Malay rulers to hold special meeting on impasse over forming new government
The meeting will be held at the national palace on Thursday.
KUALA LUMPUR: The king of Malaysia will hold a special meeting with his fellow rulers on Thursday (Nov 24) to seek their views on the impasse over the formation of a new government.
According to a Wednesday statement issued by Comptroller of the Royal Household of Istana Negara Ahmad Fadil Shamsuddin, the special meeting will be held at the national palace.
“The purpose of the special meeting with Malay rulers is for the king to get their views before making a decision for the interests and stability of the country and people.

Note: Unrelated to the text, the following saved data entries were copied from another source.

lemma pos_real_level_sum:
  assumes I: "\<And>\<eta>. I \<eta> = 0 \<or> I \<eta> = 1" and y0: "y0 \<in> tlevel q N" "I (some_end q y0) = 1"
  shows "pos_real (level_sum q \<nu> (\<lambda>\<eta>. I \<eta> * edge_kernel W x \<eta>) N)"
proof -
  define t where "t y = Re (I (some_end q y) * edge_kernel W x (some_end q y) * \<nu> (tarc q y))" for y
  have real: "I (some_end q y) * edge_kernel W x (some_end q y) * \<nu> (tarc q y) = of_real (t y)"
    and pos: "0 \<le> t y" "I (some_end q y) = 1 \<Longrightarrow> 0 < t y" if "y \<in> tlevel q N" for y
  proof -
    obtain k where "edge_kernel W x (some_end q y) = of_real k" "0 < k"
      using pos_real_edge_kernel[OF pos_real_W] unfolding pos_real_def by blast
    moreover have "y \<in> verts q" using that by (simp add: tlevel_def)
    then obtain n where "\<nu> (tarc q y) = of_real n" "0 < n"
      using pos_real_nu unfolding pos_real_def by blast
    ultimately show "I (some_end q y) * edge_kernel W x (some_end q y) * \<nu> (tarc q y) = of_real (t y)"
      "0 \<le> t y" "I (some_end q y) = 1 \<Longrightarrow> 0 < t y"
      using I[of "some_end q y"] by (auto simp: t_def)
  qed
  have "level_sum q \<nu> (\<lambda>\<eta>. I \<eta> * edge_kernel W x \<eta>) N = of_real (\<Sum>y\<in>tlevel q N. t y)"
    unfolding level_sum_def of_real_sum using real by (intro sum.cong) auto
  moreover have "(\<Sum>y\<in>tlevel q N. t y) > 0"
    using sum_pos2[OF finite_tlevel y0(1)] pos y0 by blast
  ultimately show ?thesis unfolding pos_real_def by blast
qed

lemma exists_level_vertex:
  assumes A: "A \<in> {tarc q xi1, - tarc q xi1}" and N: "1 \<le> N"
  shows "\<exists>y\<in>tlevel q N. some_end q y \<in> A"
proof -
  define b where "b = (if A = tarc q xi1 then \<xi> 0 else if \<xi> 0 = 0 then 1 else 0)"
  have bv: "[b] \<in> verts q" using snoc_in_verts_iff[of "[]" b q] q1 \<xi> by (auto simp: b_def ends_def)
  define \<eta> where "\<eta> = some_end q [b]"
  have \<eta>: "\<eta> \<in> ends q" "take 1 (pref \<eta> N) = [b]"
    using some_end_in_tarc[OF q1 bv] N by (auto simp: \<eta>_def mem_tarc_iff take_pref min_def)
  have y: "pref \<eta> N \<in> tlevel q N" using pref_in_verts[OF \<eta>(1)] by (simp add: tlevel_def)
  have "some_end q (pref \<eta> N) \<in> tarc q xi1 \<longleftrightarrow> A = tarc q xi1"
    using mem_tarc_xi1_iff[OF some_end_in_tarc[OF q1 pref_in_verts[OF \<eta>(1)]]] \<eta>(2) N A
    by (auto simp: b_def xi1_def pref_def split: if_splits)
  then show ?thesis using y A by auto
qed

lemma pos_real_G_on:
  assumes A: "A \<in> {tarc q xi1, - tarc q xi1}"
  shows "pos_real (G_on A x)"
proof -
  obtain y where "y \<in> tlevel q (Suc (length x))" "some_end q y \<in> A"
    using exists_level_vertex[OF A, of "Suc (length x)"] by auto
  then show ?thesis unfolding G_on_def by (intro pos_real_level_sum) (auto simp: indicator_def)
qed

lemma G_on_xi1:
  "G_on (tarc q xi1) xi1 = G_on (tarc q xi1) [] / W [] xi1"
  "G_on (- tarc q xi1) xi1 = W xi1 [] * G_on (- tarc q xi1) []"
proof -
  have xi1: "xi1 = [\<xi> 0]" by (simp add: xi1_def pref_def)
  have K: "edge_kernel W xi1 (some_end q y) = (if y = xi1 then 1 / W [] xi1 else W xi1 [])"
    and mem: "some_end q y \<in> tarc q xi1 \<longleftrightarrow> y = xi1" if y: "y \<in> tlevel q 1" for y
  proof -
    have yv: "y \<in> verts q" and yl: "length y = 1" using y by (auto simp: tlevel_def)
    have "y \<noteq> xi1 \<Longrightarrow> lcp xi1 y = []" using length_lcp_less[of xi1 y] length_xi1 yl by simp
    then show "edge_kernel W xi1 (some_end q y) = (if y = xi1 then 1 / W [] xi1 else W xi1 [])"
      using confE_some_end[OF q1 yv, of xi1] length_xi1 yl geo_w_root_snoc[of W "[]" "\<xi> 0"]
        geo_w_snoc_parent[of W "[]" "\<xi> 0"]
      by (auto simp: edge_kernel_def xi1)
    show "some_end q y \<in> tarc q xi1 \<longleftrightarrow> y = xi1"
      using mem_tarc_xi1_iff[OF some_end_in_tarc[OF q1 yv]] yl by auto
  qed
  have G: "G_on A xi1 = level_sum q \<nu> (\<lambda>\<eta>. indicator A \<eta> * edge_kernel W xi1 \<eta>) 1"
    "G_on A [] = level_sum q \<nu> (\<lambda>\<eta>. indicator A \<eta>) 1" if "A \<in> {tarc q xi1, - tarc q xi1}" for A
    using G_on_level_sum[OF that, of xi1 1] G_on_level_sum[OF that, of "[]" 1] length_xi1 by simp_all
  show "G_on (tarc q xi1) xi1 = G_on (tarc q xi1) [] / W [] xi1"
    by (simp add: G level_sum_def K mem indicator_def sum_divide_distrib cong: sum.cong)
      (auto intro!: sum.cong)
  show "G_on (- tarc q xi1) xi1 = W xi1 [] * G_on (- tarc q xi1) []"
    by (simp add: G level_sum_def K mem indicator_def sum_distrib_left cong: sum.cong)
      (auto intro!: sum.cong)
qed

text \<open>The two parts are not proportional: their ratios at \<open>\<xi>\<^sub>1\<close> and at the root differ, since
  \<open>W(\<xi>\<^sub>1, o) W(o, \<xi>\<^sub>1) = r / q \<noteq> 1\<close>.\<close>

lemma G_on_not_proportional:
  "G_on (tarc q xi1) xi1 / G_on (tarc q xi1) [] \<noteq> G_on (- tarc q xi1) xi1 / G_on (- tarc q xi1) []"
proof
  assume e: "G_on (tarc q xi1) xi1 / G_on (tarc q xi1) [] = G_on (- tarc q xi1) xi1 / G_on (- tarc q xi1) []"
  have nz: "G_on A [] \<noteq> 0" if "A \<in> {tarc q xi1, - tarc q xi1}" for A
    using pos_real_G_on[OF that, of "[]"] unfolding pos_real_def by auto
  have "1 / W [] xi1 = W xi1 []" using e nz W_nonzero by (simp add: G_on_xi1)
  then have "W xi1 [] * W [] xi1 = 1" using W_nonzero by (simp add: field_simps)
  moreover have "W xi1 [] * W [] xi1 = r / of_nat q"
    using W_edge_product[of "[]" "\<xi> 0"] c_a_a_eq by (simp add: xi1_def pref_def)
  ultimately have "norm r = real q" by (simp add: field_simps)
  then show False using rlt q1 by simp
qed

lemma HsetI:
  assumes pos: "\<And>x. x \<in> verts q \<Longrightarrow> pos_real (G x)" and G0: "G [] = 1"
    and harm: "\<And>x. x \<in> verts q \<Longrightarrow> (\<Sum>z\<in>nbrs q x. of_real (trans_prob q \<alpha> \<omega> x z) * G z) = lam * G x"
  shows "(\<lambda>x. if x \<in> verts q then Re (G x) else 0) \<in> Hset q \<alpha> \<omega> (Re lam)"
  unfolding Hset_def
proof (intro CollectI conjI ballI allI impI)
  fix x assume x: "x \<in> verts q"
  show "0 < (if x \<in> verts q then Re (G x) else 0)" using pos_real_Re[OF pos[OF x]] x by simp
  have "(\<Sum>z\<in>nbrs q x. trans_prob q \<alpha> \<omega> x z * Re (G z)) = Re lam * Re (G x)"
  proof -
    have "Re (lam * G x) = Re lam * Re (G x)" by (subst lam_real) simp
    then show ?thesis using arg_cong[OF harm[OF x], of Re] by (simp add: Re_sum)
  qed
  moreover have "(\<Sum>z\<in>nbrs q x. trans_prob q \<alpha> \<omega> x z * (if z \<in> verts q then Re (G z) else 0)) =
      (\<Sum>z\<in>nbrs q x. trans_prob q \<alpha> \<omega> x z * Re (G z))"
    by (intro sum.cong) (auto simp: nbrs_in_verts)
  ultimately show "(\<Sum>y\<in>nbrs q x. trans_prob q \<alpha> \<omega> x y * (if y \<in> verts q then Re (G y) else 0)) =
      Re lam * (if x \<in> verts q then Re (G x) else 0)" using x by simp
qed (use G0 in auto)

lemma normalized_G_on_in_Hset:
  assumes A: "A \<in> {tarc q xi1, - tarc q xi1}"
  shows "(\<lambda>x. if x \<in> verts q then Re (G_on A x / G_on A []) else 0) \<in> Hset q \<alpha> \<omega> (Re lam)"
proof (rule HsetI)
  show "pos_real (G_on A x / G_on A [])" for x by (intro pos_real_div pos_real_G_on A)
  then show "G_on A [] / G_on A [] = 1" unfolding pos_real_def by auto
  show "(\<Sum>z\<in>nbrs q x. of_real (trans_prob q \<alpha> \<omega> x z) * (G_on A z / G_on A [])) = lam * (G_on A x / G_on A [])"
    if "x \<in> verts q" for x
    using G_on_harmonic[OF A that] by (simp add: sum_divide_distrib[symmetric])
qed

lemma not_minimal:
  "\<exists>h\<in>Hset q \<alpha> \<omega> (Re lam). (\<forall>x\<in>verts q. edge_kernel W' x \<xi> = of_real (h x)) \<and>
     \<not> minimal_in (Hset q \<alpha> \<omega> (Re lam)) h"
proof -
  define h where "h x = (if x \<in> verts q then Re (edge_kernel W' x \<xi>) else 0)" for x
  define h1 where "h1 x = (if x \<in> verts q then Re (G_on (tarc q xi1) x / G_on (tarc q xi1) []) else 0)" for x
  define h2 where "h2 x = (if x \<in> verts q then Re (G_on (- tarc q xi1) x / G_on (- tarc q xi1) []) else 0)" for x
  obtain t where t: "G_on (tarc q xi1) [] = of_real t" "0 < t"
    using pos_real_G_on[of "tarc q xi1" "[]"] unfolding pos_real_def by auto
  obtain s where s: "G_on (- tarc q xi1) [] = of_real s" "0 < s"
    using pos_real_G_on[of "- tarc q xi1" "[]"] unfolding pos_real_def by auto
  have ts: "t + s = 1" using G_on_complement_sum[of "[]"] t s by (metis of_real_add of_real_eq_1_iff Nil_in_verts edge_kernel_Nil)
  have hH: "h \<in> Hset q \<alpha> \<omega> (Re lam)" unfolding h_def[abs_def]
    by (rule HsetI) (use pos_real_edge_kernel[OF pos_real_W'] edge_kernel_W'_harmonic in auto)
  have hK: "\<forall>x\<in>verts q. edge_kernel W' x \<xi> = of_real (h x)"
    using pos_real_Re[OF pos_real_edge_kernel[OF pos_real_W']] by (simp add: h_def)
  have "h = (\<lambda>x. t * h1 x + (1 - t) * h2 x)"
  proof
    fix x
    show "h x = t * h1 x + (1 - t) * h2 x"
    proof (cases "x \<in> verts q")
      case True
      have "Re (edge_kernel W' x \<xi>) = Re (G_on (tarc q xi1) x) + Re (G_on (- tarc q xi1) x)"
        using G_on_complement_sum[OF True] by (metis plus_complex.sel(1))
      moreover have "1 - t = s" using ts by simp
      ultimately show ?thesis using True t s by (simp add: h_def h1_def h2_def Re_divide_of_real)
    qed (simp add: h_def h1_def h2_def)
  qed
  moreover have "h1 \<noteq> h2"
  proof
    assume "h1 = h2"
    then have "h1 xi1 = h2 xi1" by simp
    then have "Re (G_on (tarc q xi1) xi1 / G_on (tarc q xi1) []) = Re (G_on (- tarc q xi1) xi1 / G_on (- tarc q xi1) [])"
      using xi1_in_verts by (simp add: h1_def h2_def)
    moreover have "pos_real (G_on A xi1 / G_on A [])" if "A \<in> {tarc q xi1, - tarc q xi1}" for A
      using that by (intro pos_real_div pos_real_G_on)
    ultimately show False using G_on_not_proportional pos_real_Re by (metis insertCI)
  qed
  moreover have "h1 \<in> Hset q \<alpha> \<omega> (Re lam)" "h2 \<in> Hset q \<alpha> \<omega> (Re lam)"
    unfolding h1_def[abs_def] h2_def[abs_def] by (auto intro: normalized_G_on_in_Hset)
  ultimately have "\<not> minimal_in (Hset q \<alpha> \<omega> (Re lam)) h"
    unfolding minimal_in_def using t(2) s(2) ts by fastforce
  then show ?thesis using hH hK by blast
qed

end

context spectral_parameter
begin

lemma norm_Fm_div_Fmt_less_1: "norm (Fm \<alpha> lam / Fmt \<alpha> lam) < 1"
  using norm_Fm_less_norm_Fmt Fmt_nonzero by (simp add: norm_divide)

lemma contracting_representation_Fm_Fmt:
  assumes "q \<ge> 1" "\<xi> \<in> ends q" "distribution q \<nu>"
    and "\<forall>x\<in>verts q. Kkert q \<alpha> \<omega> lam x \<xi> = dist_integral q \<nu> (Kker q \<alpha> \<omega> lam x)"
  shows "contracting_representation q \<omega> (up_ratio q \<alpha>) (Fm \<alpha> lam) (Fmt \<alpha> lam) \<nu> \<xi>"
  using represented_kernel_Fm_Fmt[OF assms] norm_Fm_div_Fmt_less_1
    kernel_pair.r_def[OF kernel_pair_Fm_Fmt[OF assms(1)]]
  by (simp add: contracting_representation_def contracting_representation_axioms_def)

lemma nu_extends_to_borel:
  assumes "q \<ge> 1" "\<xi> \<in> ends q" "distribution q \<nu>"
    and "\<forall>x\<in>verts q. Kkert q \<alpha> \<omega> lam x \<xi> = dist_integral q \<nu> (Kker q \<alpha> \<omega> lam x)"
  shows "extends_to_borel q \<nu>"
  using contracting_representation.nu_extends_to_borel[OF contracting_representation_Fm_Fmt[OF assms]] .

lemma nut_not_extends_to_borel:
  assumes q: "q \<ge> 2" and "\<xi> \<in> ends q" "distribution q \<nu>"
    and "\<forall>x\<in>verts q. Kker q \<alpha> \<omega> lam x \<xi> = dist_integral q \<nu> (Kkert q \<alpha> \<omega> lam x)"
  shows "\<not> extends_to_borel q \<nu>"
proof -
  have q1: "q \<ge> 1" using q by simp
  interpret represented_kernel q \<omega> "up_ratio q \<alpha>" "Fmt \<alpha> lam" "Fm \<alpha> lam" \<nu> \<xi>
    using represented_kernel_Fmt_Fm[OF q1 assms(2-)] .
  have "1 < norm r"
    using norm_Fm_less_norm_Fmt Fm_nonzero by (simp add: r_def norm_divide)
  then show ?thesis by (rule not_extends_to_borel[OF q])
qed

lemma nu_real_parameter:
  assumes q: "q \<ge> 2" and \<omega>: "\<omega> \<in> ends q" and "\<xi> \<in> ends q" "distribution q \<nu>"
    and hyp: "\<forall>x\<in>verts q. Kkert q \<alpha> \<omega> lam x \<xi> = dist_integral q \<nu> (Kker q \<alpha> \<omega> lam x)"
    and lam: "lam \<in> \<real>" "Re lam > \<rho>"
  shows "(\<exists>M. prob_space M \<and> space M = ends q \<and> sets M = sets (bdry_borel q) \<and>
           (\<forall>A\<in>bdry_alg q. \<nu> A = complex_of_real (measure M A)) \<and>
           (\<forall>U. openin (bdry_top q) U \<and> U \<noteq> {} \<longrightarrow> measure M U > 0)) \<and>
      (\<exists>h\<in>Hset q \<alpha> \<omega> (Re lam). (\<forall>x\<in>verts q. Kkert q \<alpha> \<omega> lam x \<xi> = complex_of_real (h x)) \<and>
           \<not> minimal_in (Hset q \<alpha> \<omega> (Re lam)) h)"
proof -
  have q1: "q \<ge> 1" using q by simp
  interpret positive_representation q \<omega> "up_ratio q \<alpha>" "Fm \<alpha> lam" "Fmt \<alpha> lam" \<nu> \<xi> \<alpha> lam
    using contracting_representation_Fm_Fmt[OF q1 assms(3-5)] q \<omega> \<alpha>0 \<alpha>1
      one_minus_mult_up_ratio Fm_quadratic Fmt_quadratic pos_real_Fm_Fmt[OF lam]
    by (simp add: positive_representation_def positive_representation_axioms_def)
  have "Kkert q \<alpha> \<omega> lam = edge_kernel W'" by (simp add: Kkert_eq_edge_kernel W'_def Fpt_eq_up_ratio)
  then show ?thesis using nu_prob_measure_full_support not_minimal by simp
qed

“The people have already decided to choose their representatives. So, it is up to the people's representatives to find a solution to solve the problems that plague the people,” the statement added.
The king also urged people to stay calm and be patient until the process to form a new government is completed.
On Wednesday morning, several top Malaysian politicians arrived at the Istana Negara for a royal audience.
Barisan Nasional (BN) chairman Ahmad Zahid Hamidi, his deputy Mohamad Hasan and the coalition’s secretary general Zambry Abdul Kadir were seen driving into the palace grounds at around 10.40am, slightly after their 10.30am appointment.
Just after 11am, a convoy of vehicles, believed to be carrying Gabungan Parti Sarawak (GPS) representatives, also entered the palace.
Both coalitions are now kingmakers, as neither Pakatan Harapan (PH) nor Perikatan Nasional (PN) won enough seats for a simple parliamentary majority.
The BN politicians left after 11.30am while the group from GPS left just before 12pm.
To Malaysian political observers, Wednesday morning was reminiscent of the political crisis in early 2020 when the PH government collapsed, as the ruler summoned the politicians to determine who commanded the majority of support in the Lower House.
In the context of Malaysia, the king plays a largely ceremonial role and is supposed to be above politics. But political instability since the 2018 polls has meant that the monarch was needed to determine the holder of the country’s highest political office in 2020 and again last year.
After the 15th General Election (GE15) last Saturday produced no coalition that could command a simple majority in the 222-seat Lower House, PH and PN scrambled to gather support from GPS, BN and Gabungan Rakyat Sabah (GRS).
PH won 81 seats while PN managed 73, putting both in a position to form the next government. A coalition needs to be backed by at least 112 lawmakers to form the next government.
BN, which finished a distant third, managed to win 30 seats. GPS won 23 seats while GRS emerged victorious in six seats.
GPS initially indicated that it was ready to enter into a coalition with BN, GRS and PN. However, the Sarawak bloc later said that it would leave it to the discretion of the king to appoint a prime minister.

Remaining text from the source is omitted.